▸ **Collected data**:
+ + + + +

theorem lemma21:
  fixes w :: "'a list" and n d r :: nat and G :: "int list \<Rightarrow> 'a" and p :: "int list"
  assumes "length w = n" and "n \<ge> 3" and "d \<ge> 1"
    and "grid_rules n d w G"
    and "in_grid n d p" and "counter_point n d p" and "tau n 1 p = r"
  shows "real (num_lines n d w G p) \<ge> (1 - 2 * exp (- cval n d / 10000)) * 2 powr (real r - 1) \<and>
         ((\<forall>i. 1 \<le> i \<and> i \<le> n \<longrightarrow> w ! (i - 1) = w ! (n - i)) \<longrightarrow>
           real (num_lines n d w G p) \<ge> (1 - 2 * exp (- cval n d / 10000)) * 2 ^ r)"
proof -
  define E where "E = exp (- cval n d / 10000)"
  have "(1 - 2 * E) * 2 powr (real r - 1) = 2 ^ r / 2 - 2 ^ r * E"
    by (simp add: powr_diff powr_realpow field_simps)
  moreover have "(1 - 2 * E) * 2 ^ r \<le> 2 ^ r - 2 ^ r * E"
    unfolding E_def by (simp add: algebra_simps)
  ultimately show ?thesis
    using num_lines_ge_half_power[OF assms(1,2,4-7)]
      num_lines_ge_power_if_rev_eq[OF assms(1,2,4-7) rev_eq_if_nth_symmetric[OF assms(1)]]
    unfolding E_def by auto
qed

end
lemma interaction_sum_lipschitz:
  fixes w :: "nat \<Rightarrow> nat \<Rightarrow> real"
  assumes "\<And>j. \<bar>w i j\<bar> \<le> W" and "\<And>j. j < N \<Longrightarrow> \<bar>v j\<bar> \<le> R" and "i < N"
  shows "\<bar>(\<Sum>j\<in>{..<N} - {i}. w i j * interaction k (u j) (u i))
          - (\<Sum>j\<in>{..<N} - {i}. w i j * interaction k (v j) (v i))\<bar>
     \<le> W * (2 + R * \<bar>k\<bar> + N * R * \<bar>k\<bar>) * (\<Sum>j<N. \<bar>u j - v j\<bar>)"
proof -
  let ?S = "\<Sum>j<N. \<bar>u j - v j\<bar>"
  have "W \<ge> 0" and "R \<ge> 0"
    using assms(1)[of 0] assms(2)[OF \<open>i < N\<close>] by linarith+
  have "\<bar>u i - v i\<bar> \<le> ?S"
    using \<open>i < N\<close> by (intro member_le_sum) auto
  have "\<bar>(\<Sum>j\<in>{..<N} - {i}. w i j * interaction k (u j) (u i))
          - (\<Sum>j\<in>{..<N} - {i}. w i j * interaction k (v j) (v i))\<bar>
      \<le> (\<Sum>j\<in>{..<N} - {i}. \<bar>w i j\<bar> * \<bar>interaction k (u j) (u i) - interaction k (v j) (v i)\<bar>)"
    unfolding sum_subtractf[symmetric] abs_mult[symmetric] right_diff_distrib[symmetric] by (rule sum_abs)
  also have "\<dots> \<le> (\<Sum>j<N. W * ((2 + R * \<bar>k\<bar>) * \<bar>u j - v j\<bar> + R * \<bar>k\<bar> * \<bar>u i - v i\<bar>))"
  proof -
    have "(\<Sum>j\<in>{..<N} - {i}. \<bar>w i j\<bar> * \<bar>interaction k (u j) (u i) - interaction k (v j) (v i)\<bar>)
        \<le> (\<Sum>j\<in>{..<N} - {i}. W * ((2 + R * \<bar>k\<bar>) * \<bar>u j - v j\<bar> + R * \<bar>k\<bar> * \<bar>u i - v i\<bar>))"
      using assms(1,2) \<open>W \<ge> 0\<close> by (intro sum_mono mult_mono interaction_lipschitz) auto
    also have "\<dots> \<le> (\<Sum>j<N. W * ((2 + R * \<bar>k\<bar>) * \<bar>u j - v j\<bar> + R * \<bar>k\<bar> * \<bar>u i - v i\<bar>))"
      using \<open>W \<ge> 0\<close> \<open>R \<ge> 0\<close> by (intro sum_mono2) auto
    finally show ?thesis .
  qed
  also have "\<dots> = W * (2 + R * \<bar>k\<bar>) * ?S + N * (W * R * \<bar>k\<bar> * \<bar>u i - v i\<bar>)"
    by (simp add: sum.distrib sum_distrib_left algebra_simps)
  also have "\<dots> \<le> W * (2 + R * \<bar>k\<bar>) * ?S + N * (W * R * \<bar>k\<bar> * ?S)"
    using \<open>W \<ge> 0\<close> \<open>R \<ge> 0\<close> \<open>\<bar>u i - v i\<bar> \<le> ?S\<close> by (intro add_left_mono mult_left_mono) auto
  also have "\<dots> = W * (2 + R * \<bar>k\<bar> + N * R * \<bar>k\<bar>) * ?S"
    by (simp add: algebra_simps)
  finally show ?thesis .
qed
(* Let $X_1,X_2$ be connected graphs, each with at least two vertices, $X=X_1\square X_2$, and let $F_{-2}$ be the orthogonal projection onto the $(-2)$-eigenspace of the adjacency matrix of $\mathcal L(X)$. Let $\varepsilon_1\neq\varepsilon_2$ be edges of $X$. Then $F_{-2}\mathbf h_{\varepsilon_1}=\pm F_{-2}\mathbf h_{\varepsilon_2}$ (for some sign) if and only if, up to interchanging the roles of $X_1$ and $X_2$ and of $\varepsilon_1,\varepsilon_2$, one of the following holds: (i) $X_2=K_2$ with $V(X_2)=\{1,2\}$, and there is an edge $\{a,b\}$ of $X_1$ with $-2\notin\Lambda_{\mathbf f_{ab}}$ such that $\varepsilon_1$ joins $(a,1)$ and $(b,1)$ and $\varepsilon_2$ joins $(a,2)$ and $(b,2)$; (ii) there are a pendant vertex $a$ of $X_1$ with its edge $\{a,b\}\in E(X_1)$ and a pendant vertex $\alpha$ of $X_2$ with its edge $\{\alpha,\beta\}\in E(X_2)$, with $-2\notin\Lambda_{\mathbf f_{ab}}$ and $-2\notin\Lambda_{\mathbf f_{\alpha\beta}}$, such that $\varepsilon_1$ joins $(a,\alpha)$ and $(a,\beta)$ and $\varepsilon_2$ joins $(a,\alpha)$ and $(b,\alpha)$. Moreover, in case (i) $F_{-2}\mathbf h_{\varepsilon_1}=F_{-2}\mathbf h_{\varepsilon_2}\ne\mathbf 0$, and in case (ii) $F_{-2}\mathbf h_{\varepsilon_1}=-F_{-2}\mathbf h_{\varepsilon_2}\neq\mathbf 0$.
   Context: $X_1\square X_2$ is the Cartesian product: vertex set $V(X_1)\times V(X_2)$, with $(x,y)\sim(x',y')$ iff ($x=x'$ and $y\sim y'$) or ($y=y'$ and $x\sim x'$). The line graph $\mathcal L(Y)$ has vertex set $E(Y)$, edges adjacent iff they share an endpoint. For an edge $\varepsilon$ of $X$, $\mathbf h_\varepsilon$ is the standard basis vector of the corresponding vertex of $\mathcal L(X)$. For $\{a,b\}\in E(X_j)$, $\mathbf f_{ab}$ is the vertex state of $\mathcal L(X_j)$ and $\Lambda_{\mathbf f_{ab}}$ its eigenvalue support with respect to the adjacency matrix of $\mathcal L(X_j)$ (set of eigenvalues $\theta$ whose spectral projection does not annihilate $\mathbf f_{ab}$). A pendant vertex is a vertex of degree one. *)

theory Defs
  imports Complex_Main
begin

definition is_graph :: "'a set \<Rightarrow> 'a set set \<Rightarrow> bool" where
  "is_graph V E \<longleftrightarrow> finite V \<and> (\<forall>e\<in>E. \<exists>x y. x \<in> V \<and> y \<in> V \<and> x \<noteq> y \<and> e = {x, y})"

definition adj :: "'a set set \<Rightarrow> 'a \<Rightarrow> 'a \<Rightarrow> bool" where
  "adj E x y \<longleftrightarrow> {x, y} \<in> E"

definition connected_graph :: "'a set \<Rightarrow> 'a set set \<Rightarrow> bool" where
  "connected_graph V E \<longleftrightarrow> is_graph V E \<and> V \<noteq> {} \<and> (\<forall>x\<in>V. \<forall>y\<in>V. (adj E)\<^sup>*\<^sup>* x y)"

definition degree :: "'a set set \<Rightarrow> 'a \<Rightarrow> nat" where
  "degree E x = card {y. {x, y} \<in> E}"

definition pendant :: "'a set \<Rightarrow> 'a set set \<Rightarrow> 'a \<Rightarrow> bool" where
  "pendant V E x \<longleftrightarrow> x \<in> V \<and> degree E x = 1"

definition cart_E :: "'a set \<Rightarrow> 'a set set \<Rightarrow> 'b set \<Rightarrow> 'b set set \<Rightarrow> ('a \<times> 'b) set set" where
  "cart_E V1 E1 V2 E2 =
     {{(x, y), (x, y')} | x y y'. x \<in> V1 \<and> {y, y'} \<in> E2} \<union>
     {{(x, y), (x', y)} | x x' y. y \<in> V2 \<and> {x, x'} \<in> E1}"

definition line_adj :: "'a set set \<Rightarrow> 'a set \<Rightarrow> 'a set \<Rightarrow> real" where
  "line_adj E e e' = (if e \<in> E \<and> e' \<in> E \<and> e \<noteq> e' \<and> e \<inter> e' \<noteq> {} then 1 else 0)"

(* Real vectors indexed by a finite set S: functions vanishing outside S *)
definition vec_on :: "'i set \<Rightarrow> ('i \<Rightarrow> real) \<Rightarrow> bool" where
  "vec_on S v \<longleftrightarrow> (\<forall>x. x \<notin> S \<longrightarrow> v x = 0)"

definition inner_on :: "'i set \<Rightarrow> ('i \<Rightarrow> real) \<Rightarrow> ('i \<Rightarrow> real) \<Rightarrow> real" where
  "inner_on S u v = (\<Sum>x\<in>S. u x * v x)"

definition mat_vec :: "'i set \<Rightarrow> ('i \<Rightarrow> 'i \<Rightarrow> real) \<Rightarrow> ('i \<Rightarrow> real) \<Rightarrow> ('i \<Rightarrow> real)" where
  "mat_vec S M v = (\<lambda>x. if x \<in> S then (\<Sum>y\<in>S. M x y * v y) else 0)"

definition eigenspace_on :: "'i set \<Rightarrow> ('i \<Rightarrow> 'i \<Rightarrow> real) \<Rightarrow> real \<Rightarrow> ('i \<Rightarrow> real) set" where
  "eigenspace_on S M \<theta> = {v. vec_on S v \<and> mat_vec S M v = (\<lambda>x. \<theta> * v x)}"

definition orth_proj :: "'i set \<Rightarrow> ('i \<Rightarrow> real) set \<Rightarrow> ('i \<Rightarrow> real) \<Rightarrow> ('i \<Rightarrow> real)" where
  "orth_proj S W h = (THE p. p \<in> W \<and> (\<forall>w\<in>W. inner_on S (\<lambda>x. h x - p x) w = 0))"

definition line_proj :: "'a set set \<Rightarrow> real \<Rightarrow> ('a set \<Rightarrow> real) \<Rightarrow> ('a set \<Rightarrow> real)" where
  "line_proj E \<theta> h = orth_proj E (eigenspace_on E (line_adj E) \<theta>) h"

definition std_basis :: "'i \<Rightarrow> ('i \<Rightarrow> real)" where
  "std_basis \<epsilon> = (\<lambda>e. if e = \<epsilon> then 1 else 0)"

definition eig_support :: "'a set set \<Rightarrow> ('a set \<Rightarrow> real) \<Rightarrow> real set" where
  "eig_support E f = {\<theta>. line_proj E \<theta> f \<noteq> (\<lambda>_. 0)}"

definition case_i_base :: "'a set \<Rightarrow> 'a set set \<Rightarrow> 'b set \<Rightarrow> 'b set set \<Rightarrow> ('a \<times> 'b) set \<Rightarrow> ('a \<times> 'b) set \<Rightarrow> bool" where
  "case_i_base V1 E1 V2 E2 \<epsilon>1 \<epsilon>2 \<longleftrightarrow>
     (\<exists>u v. u \<noteq> v \<and> V2 = {u, v} \<and> E2 = {{u, v}} \<and>
        (\<exists>a b. {a, b} \<in> E1 \<and> -2 \<notin> eig_support E1 (std_basis {a, b}) \<and>
               \<epsilon>1 = {(a, u), (b, u)} \<and> \<epsilon>2 = {(a, v), (b, v)}))"

definition case_i_swap :: "'a set \<Rightarrow> 'a set set \<Rightarrow> 'b set \<Rightarrow> 'b set set \<Rightarrow> ('a \<times> 'b) set \<Rightarrow> ('a \<times> 'b) set \<Rightarrow> bool" where
  "case_i_swap V1 E1 V2 E2 \<epsilon>1 \<epsilon>2 \<longleftrightarrow>
     (\<exists>u v. u \<noteq> v \<and> V1 = {u, v} \<and> E1 = {{u, v}} \<and>
        (\<exists>a b. {a, b} \<in> E2 \<and> -2 \<notin> eig_support E2 (std_basis {a, b}) \<and>
               \<epsilon>1 = {(u, a), (u, b)} \<and> \<epsilon>2 = {(v, a), (v, b)}))"

definition case_i :: "'a set \<Rightarrow> 'a set set \<Rightarrow> 'b set \<Rightarrow> 'b set set \<Rightarrow> ('a \<times> 'b) set \<Rightarrow> ('a \<times> 'b) set \<Rightarrow> bool" where
  "case_i V1 E1 V2 E2 \<epsilon>1 \<epsilon>2 \<longleftrightarrow>
     case_i_base V1 E1 V2 E2 \<epsilon>1 \<epsilon>2 \<or> case_i_base V1 E1 V2 E2 \<epsilon>2 \<epsilon>1 \<or>
     case_i_swap V1 E1 V2 E2 \<epsilon>1 \<epsilon>2 \<or> case_i_swap V1 E1 V2 E2 \<epsilon>2 \<epsilon>1"

definition case_ii_base :: "'a set \<Rightarrow> 'a set set \<Rightarrow> 'b set \<Rightarrow> 'b set set \<Rightarrow> ('a \<times> 'b) set \<Rightarrow> ('a \<times> 'b) set \<Rightarrow> bool" where
  "case_ii_base V1 E1 V2 E2 \<epsilon>1 \<epsilon>2 \<longleftrightarrow>
     (\<exists>a b \<alpha> \<beta>. pendant V1 E1 a \<and> {a, b} \<in> E1 \<and> pendant V2 E2 \<alpha> \<and> {\<alpha>, \<beta>} \<in> E2 \<and>
        -2 \<notin> eig_support E1 (std_basis {a, b}) \<and> -2 \<notin> eig_support E2 (std_basis {\<alpha>, \<beta>}) \<and>
        \<epsilon>1 = {(a, \<alpha>), (a, \<beta>)} \<and> \<epsilon>2 = {(a, \<alpha>), (b, \<alpha>)})"

(* Case (ii), second orientation: interchanging the roles of X1 and X2 is, in the
   coordinates of X1 \<box> X2, the same as interchanging eps1 and eps2 *)
definition case_ii :: "'a set \<Rightarrow> 'a set set \<Rightarrow> 'b set \<Rightarrow> 'b set set \<Rightarrow> ('a \<times> 'b) set \<Rightarrow> ('a \<times> 'b) set \<Rightarrow> bool" where
  "case_ii V1 E1 V2 E2 \<epsilon>1 \<epsilon>2 \<longleftrightarrow>
     case_ii_base V1 E1 V2 E2 \<epsilon>1 \<epsilon>2 \<or> case_ii_base V1 E1 V2 E2 \<epsilon>2 \<epsilon>1"

end

theory Submission
  imports Defs
begin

+ + + + +

Above are the lines; repeat exactly the ones from the line containing "(\<lambda>x. if x" down to the line containing "real \<Rightarrow> ('i", both inclusive.

▸ **TASK ANSWER**:
  "mat_vec S M v = (\<lambda>x. if x \<in> S then (\<Sum>y\<in>S. M x y * v y) else 0)"

definition eigenspace_on :: "'i set \<Rightarrow> ('i \<Rightarrow> 'i \<Rightarrow> real) \<Rightarrow> real \<Rightarrow> ('i \<Rightarrow> real) set" where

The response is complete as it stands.